And since both countries have veto power on the UN Security Council, they could ruin any political legitimacy for the war that the US may aim to gain through that body.
The hope for the Trump administration would therefore be that the conflict ends soon after the opening salvos begin. If it doesn’t, and Iran resists, all that’d really be left are a slew of bad options to make a horrid situation much, much worse.
How Iran might try to win the war
Retired Marine Lt. Gen. Vincent Stewart left his post as the No. 2 at US Cyber Command in 2019, ending a decorated four-decade career. Toward the end of it, he spent his time at the forefront of the military intelligence and cybersecurity communities.
If anyone has the most up-to-date information on how Iran may fight the US, then, it’s Stewart.
“The Iranian strategy would be to avoid, where possible, direct conventional force-on-force operations,” he wrote for the Cipher Brief on July 2, 2019. “They would attempt to impose cost on a global scale, striking at US interests through cyber operations and targeted terrorism with the intent of expanding the conflict, while encouraging the international community to restrain America’s actions.”
In other words, Tehran can’t match Washington’s firepower. But it can spread chaos in the Middle East and around the world, hoping that a war-weary US public, an intervention-skeptical president, and an angered international community cause America to stand down.
That may seem like a huge task — and it is — but experts believe the Islamic Republic has the capability, knowhow, and will to pull off such an ambitious campaign. “The Iranians can escalate the situation in a lot of different ways and in a lot of different places,” Hanna told me. “They have the capacity to do a lot of damage.”
Take what it could do in the Middle East. Iran’s vast network of proxies and elite units — like Soleimani’s Islamic Revolutionary Guard Corps — could be activated to kill American troops, diplomats, and citizens throughout the region. US troops in Syria are poorly defended and have little support, making them easy targets, experts say. America also has thousands of civilians, troops, and contractors in Iraq, many of whom work in areas near where Iranian militias operate within the country.
US allies would also be prime targets. Hezbollah, an Iran-backed terrorist group in Lebanon, might attack Israel with rockets and start its own brutal fight. We’ve heard this story before: In 2006, they battled in a month-long war where the militant group fired more than 4,000 rockets into Israel, and Israeli forces fired around 7,000 bombs and missiles into Lebanon.
About 160 Israelis troops and civilians died, according to the Israel Ministry of Foreign Affairs, and about 1,100 Lebanese — most of them civilians — perished, per Human Rights Watch, a US-headquartered advocacy organization. It also reports about 4,400 Lebanese were injured, and around 1 million people were displaced.
But that’s not all.
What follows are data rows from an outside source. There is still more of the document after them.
(* For each integer $s\geq 2$, \[\lim_{t\to\infty}\sqrt[t]{A_{321}(K_{s,t}^\beta)}=2^s.\]
   Context: The comb $K_{s,t}$ has elements $e_{i,j}$, $1\le i\le s$, $1\le j\le t$, with partial order generated by the covers $e_{i,1}\lessdot e_{i+1,1}$ ($1\le i\le s-1$) and $e_{i,j}\lessdot e_{i,j+1}$ ($1\le j\le t-1$). $K^\beta_{s,t}$ is the labeled poset on $[st]$ obtained by giving $e_{i,j}$ the label $(i-1)t+j$. A linear extension is a permutation of $[st]$ in which $x$ precedes $y$ whenever $x<y$ in the poset; $A_{321}(P)$ is the number of linear extensions of $P$ avoiding the pattern $321$. *)

theory Defs
  imports Complex_Main
begin

(* label of the comb element e_{i,j}, 1 <= i <= s, 1 <= j <= t *)
definition comb_label :: "nat \<Rightarrow> nat \<Rightarrow> nat \<Rightarrow> nat" where
  "comb_label t i j = (i - 1) * t + j"

definition comb_covers :: "nat \<Rightarrow> nat \<Rightarrow> (nat \<times> nat) set" where
  "comb_covers s t =
     {(comb_label t i 1, comb_label t (i + 1) 1) | i. 1 \<le> i \<and> i \<le> s - 1}
   \<union> {(comb_label t i j, comb_label t i (j + 1)) | i j. 1 \<le> i \<and> i \<le> s \<and> 1 \<le> j \<and> j \<le> t - 1}"

definition comb_less :: "nat \<Rightarrow> nat \<Rightarrow> (nat \<times> nat) set" where
  "comb_less s t = (comb_covers s t)\<^sup>+"

definition linear_extensions :: "nat \<Rightarrow> nat \<Rightarrow> nat list set" where
  "linear_extensions s t =
     {w. distinct w \<and> set w = {1..s * t} \<and>
         (\<forall>a b. a < length w \<and> b < length w \<and> (w ! a, w ! b) \<in> comb_less s t \<longrightarrow> a < b)}"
Iran could encourage terrorist organizations or other proxies to strike inside Saudi Arabia, the United Arab Emirates, and other Gulf nations. Last year, it planned and executed drone strikes on two major Saudi oil facilities deep inside the kingdom, convulsing world markets. Its support for Houthis rebels in Yemen would mostly certainly increase, offering them more weapons and funds to attack Saudi Arabia’s airports, military bases, and energy plants.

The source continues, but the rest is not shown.